– Сейчас все имеет значение. Мы вот как поступим. Недавно Аспинин передал вам рукопись. – Ушкин чертыхнулся про себя: с кем он вздумал играть в кошки-мышки: «Давно не виделись!» – Давайте-ка, мы почитаем ее. И примем решение.
– Это очень слабая вещь. Не понимаю, какое отношение она имеет к хулиганству? Повесть – на евангельский сюжет, но не думаете же вы, что Аспинин стал бы декламировать рукопись в церкви!
– Нет, конечно, – Полукаров усмехнулся. – Если Аспинин вменяем, его осудят за злостное хулиганство. А если в его работах есть мысли экстремистского толка, – а судя по отрывкам, это возможно, – ему грозит двести восемьдесят вторая статья: разжигание религиозной ненависти.

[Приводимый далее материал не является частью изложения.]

(* Let $K$ be a polyhedral cone with nonempty interior in a finite dimensional real Banach space $X$, and let $\mathrm{id}$ be the identity on $X$. Let $f:\operatorname{int}K\to\operatorname{int}K$ be order-preserving and homogeneous, and let $g=f+\mathrm{id}$. If $f$ has an eigenvector in $\operatorname{int}K$, then for every $x\in\operatorname{int}K$, $g^k(x)/\|g^k(x)\|$ converges as $k\to\infty$ to an eigenvector of $f$.
   Context: A closed cone is a closed convex set $K$ with $tK\subseteq K$ for $t>0$ and $K\cap(-K)=\{0\}$; it is polyhedral if it is the convex hull of finitely many rays from the origin. The order is $x\le_K y$ iff $y-x\in K$. Order-preserving: $x\le_K y\Rightarrow f(x)\le_K f(y)$; homogeneous: $f(tx)=tf(x)$ for $t>0$. An eigenvector of $f$ is $x$ with $f(x)=\mu x$ for some $\mu$. *)

theory Defs
  imports "HOL-Analysis.Analysis"
begin

text \<open>Finite-dimensional real normed space (automatically Banach).\<close>
definition fin_dim_space :: "'a::real_normed_vector itself \<Rightarrow> bool" where
  "fin_dim_space _ \<longleftrightarrow> (\<exists>B::'a set. finite B \<and> span B = UNIV)"

definition closed_cone :: "'a::real_normed_vector set \<Rightarrow> bool" where
  "closed_cone K \<longleftrightarrow> closed K \<and> convex K \<and> (\<forall>t>0. (\<lambda>x. t *\<^sub>R x) ` K \<subseteq> K)
     \<and> K \<inter> uminus ` K = {0}"

definition polyhedral_cone :: "'a::real_normed_vector set \<Rightarrow> bool" where
  "polyhedral_cone K \<longleftrightarrow> closed_cone K \<and>
     (\<exists>S. finite S \<and> K = convex hull (\<Union>v\<in>S. {t *\<^sub>R v |t. t \<ge> 0}))"

definition cone_le :: "'a::real_normed_vector set \<Rightarrow> 'a \<Rightarrow> 'a \<Rightarrow> bool" where
  "cone_le K x y \<longleftrightarrow> y - x \<in> K"

end

theory Submission
  imports Defs
begin

text \<open>
  Let \<open>f u = \<mu> u\<close> with \<open>u\<close> interior. Then \<open>\<mu> > 0\<close>, and \<open>g\<close> is a positive multiple of
  \<open>T = (f + id) / (1 + \<mu>)\<close>, which fixes \<open>u\<close>, is homogeneous and satisfies \<open>T y - T x \<ge> c (y - x)\<close>
  for \<open>x \<le> y\<close>, where \<open>c = 1 / (1 + \<mu>)\<close>. Comparison with \<open>u\<close> keeps every orbit of \<open>T\<close> in a ball of
  Thompson's metric, so (finite dimension, normality of \<open>K\<close>) an orbit has a limit point \<open>y\<close> in the
  interior. The ratios \<open>M(T^k z / T^l z) = inf {t. T^k z \<le> t T^l z}\<close> decrease along orbits, which
  makes them constant along the orbit of \<open>y\<close>. If \<open>M(T y / y) = M > 1\<close>, the boundary vectors
  \<open>z_i = M T^i y - T^(i+1) y\<close> satisfy \<open>z_(i+1) \<ge> c z_i\<close>, so they lie in one proper face of \<open>K\<close>; this
  forces \<open>M(T^j y / y) \<ge> M^j\<close>, contradicting boundedness. So \<open>T y \<le> y\<close>, symmetrically \<open>y \<le> T y\<close>,
  and as \<open>T\<close> does not expand Thompson's metric the whole orbit converges to the fixed point \<open>y\<close>.
\<close>

lemma le_if_le_sq_mult_gt_one:
  fixes x y :: real
  assumes "\<And>R. 1 < R \<Longrightarrow> x \<le> R * R * y"
  shows "x \<le> y"
proof (rule field_le_mult_one_interval)
  fix z :: real assume "0 < z" "z < 1"
  have "1 < inverse (sqrt z)" using \<open>0 < z\<close> \<open>z < 1\<close> by (intro one_less_inverse) auto
  then have "x \<le> inverse (sqrt z) * inverse (sqrt z) * y" by (rule assms)
  also have "inverse (sqrt z) * inverse (sqrt z) = inverse z"
    using \<open>0 < z\<close> by (simp flip: inverse_mult_distrib)
  finally have "x \<le> inverse z * y" .
  then have "z * x \<le> z * (inverse z * y)" using \<open>0 < z\<close> by (intro mult_left_mono) auto
  also have "z * (inverse z * y) = y" using \<open>0 < z\<close> by simp
  finally show "z * x \<le> y" .
qed

lemma funpow_fixed_point: "f x = x \<Longrightarrow> (f ^^ n) x = x"
  by (induction n) simp_all

lemma funpow_rescaled:
  fixes g :: "'a::real_vector \<Rightarrow> 'a"
  assumes maps: "\<And>y. y \<in> S \<Longrightarrow> inverse s *\<^sub>R g y \<in> S"
    and homogeneous: "\<And>y t. y \<in> S \<Longrightarrow> 0 < t \<Longrightarrow> g (t *\<^sub>R y) = t *\<^sub>R g y"
    and "0 < s" "x \<in> S"
  shows "(g ^^ k) x = s ^ k *\<^sub>R ((\<lambda>y. inverse s *\<^sub>R g y) ^^ k) x"
proof (induction k)
  case (Suc k)
  let ?z = "((\<lambda>y. inverse s *\<^sub>R g y) ^^ k) x"
  have "?z \<in> S" by (induction k) (use maps \<open>x \<in> S\<close> in auto)
  have "(g ^^ Suc k) x = g (s ^ k *\<^sub>R ?z)" using Suc by simp
  also have "\<dots> = s ^ k *\<^sub>R g ?z" using homogeneous[OF \<open>?z \<in> S\<close>] \<open>0 < s\<close> by simp
  also have "\<dots> = s ^ Suc k *\<^sub>R (inverse s *\<^sub>R g ?z)" using \<open>0 < s\<close> by simp
  finally show ?case by simp
qed simp

section \<open>Compactness in finite dimension\<close>

lemma closed_if_compact_Int_cball:
  fixes S :: "'a::real_normed_vector set"
  assumes "\<And>r. compact (S \<inter> cball 0 r)"
  shows "closed S"
proof (rule closed_sequential_limits[THEN iffD2], intro allI impI)
  fix x l assume x: "(\<forall>n. x n \<in> S) \<and> x \<longlonglongrightarrow> l"
  then have "bounded (range x)" using convergent_imp_bounded by blast
  then obtain r where "\<forall>n. norm (x n) \<le> r" by (auto simp: bounded_iff)
  then have "\<forall>n. x n \<in> S \<inter> cball 0 r" using x by simp
  then show "l \<in> S"
    using closed_sequentially[OF compact_imp_closed[OF assms]] x by blast
qed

Это больше дело следственного комитета, чем наше.
– Вы что же будете его судить?
– О суде говорить рано. Совершена провокация против иерархов православной церкви. Нужно разобраться в мотивах.
– Все равно не понимаю: причем здесь рукопись?
– Возможно, не причем. Но пусть она полежит у нас, пока врачи понаблюдают за автором.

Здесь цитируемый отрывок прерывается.